- _Records shown_:

lemma conj_class_pow_central:
  assumes C: "is_conj_class G C" "finite C" "C \<subseteq> carrier G" "generate G C = carrier G"
    and x0: "x0 \<in> C"
  defines "m \<equiv> conj_action_order G C x0"
  shows "0 < m"
    and central: "\<And>g. g \<in> carrier G \<Longrightarrow> x0 [^] m \<otimes> g = g \<otimes> x0 [^] m"
    and "\<And>x. x \<in> C \<Longrightarrow> x [^] m = x0 [^] m"
proof -
  have x0G: "x0 \<in> carrier G" using x0 C(3) by blast
  have closed: "x0 \<otimes> y \<otimes> inv x0 \<in> C" if "y \<in> C" for y
    using conj_class_conj_closed[OF C(1) that x0G] .
  show "0 < m"
    unfolding m_def using conj_action_order_period(1)[OF C(2,3) x0G closed] .
  have acts_trivially: "x0 [^] m \<otimes> y \<otimes> inv (x0 [^] m) = y" if "y \<in> C" for y
    unfolding m_def using conj_action_order_period(2)[OF C(2,3) x0G closed that] .
  have "x0 [^] m \<otimes> y = y \<otimes> x0 [^] m" if y: "y \<in> C" for y
  proof -
    have "x0 [^] m \<otimes> y = (x0 [^] m \<otimes> y \<otimes> inv (x0 [^] m)) \<otimes> x0 [^] m"
      using x0G y C(3) by (auto simp: m_assoc)
    then show ?thesis using acts_trivially[OF y] by simp
  qed
  then show central: "\<And>g. g \<in> carrier G \<Longrightarrow> x0 [^] m \<otimes> g = g \<otimes> x0 [^] m"
    using commute_generate[of "x0 [^] m" C] x0G C(3,4) by auto
  fix x assume "x \<in> C"
  then obtain k where k: "k \<in> carrier G" "x = k \<otimes> x0 \<otimes> inv k"
    using conj_class_conjugate[OF C(1) x0] by blast
  then have "x [^] m = k \<otimes> x0 [^] m \<otimes> inv k"
    using x0G by (simp add: conj_nat_pow)
  also have "\<dots> = x0 [^] m"
    using k(1) x0G by (simp flip: central[OF k(1)] add: m_assoc)
  finally show "x [^] m = x0 [^] m" .
qed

- _How to complete this task_:
Each line from the first line of the listing through the line with "unfolding m_def using conj_action_order_period(2)[OF" must be output exactly, both ends included, and no other line may appear.

- _Written response_:
lemma conj_class_pow_central:
  assumes C: "is_conj_class G C" "finite C" "C \<subseteq> carrier G" "generate G C = carrier G"
    and x0: "x0 \<in> C"
  defines "m \<equiv> conj_action_order G C x0"
  shows "0 < m"
    and central: "\<And>g. g \<in> carrier G \<Longrightarrow> x0 [^] m \<otimes> g = g \<otimes> x0 [^] m"
    and "\<And>x. x \<in> C \<Longrightarrow> x [^] m = x0 [^] m"
proof -
  have x0G: "x0 \<in> carrier G" using x0 C(3) by blast
  have closed: "x0 \<otimes> y \<otimes> inv x0 \<in> C" if "y \<in> C" for y
    using conj_class_conj_closed[OF C(1) that x0G] .
  show "0 < m"
    unfolding m_def using conj_action_order_period(1)[OF C(2,3) x0G closed] .
  have acts_trivially: "x0 [^] m \<otimes> y \<otimes> inv (x0 [^] m) = y" if "y \<in> C" for y
    unfolding m_def using conj_action_order_period(2)[OF C(2,3) x0G closed that] .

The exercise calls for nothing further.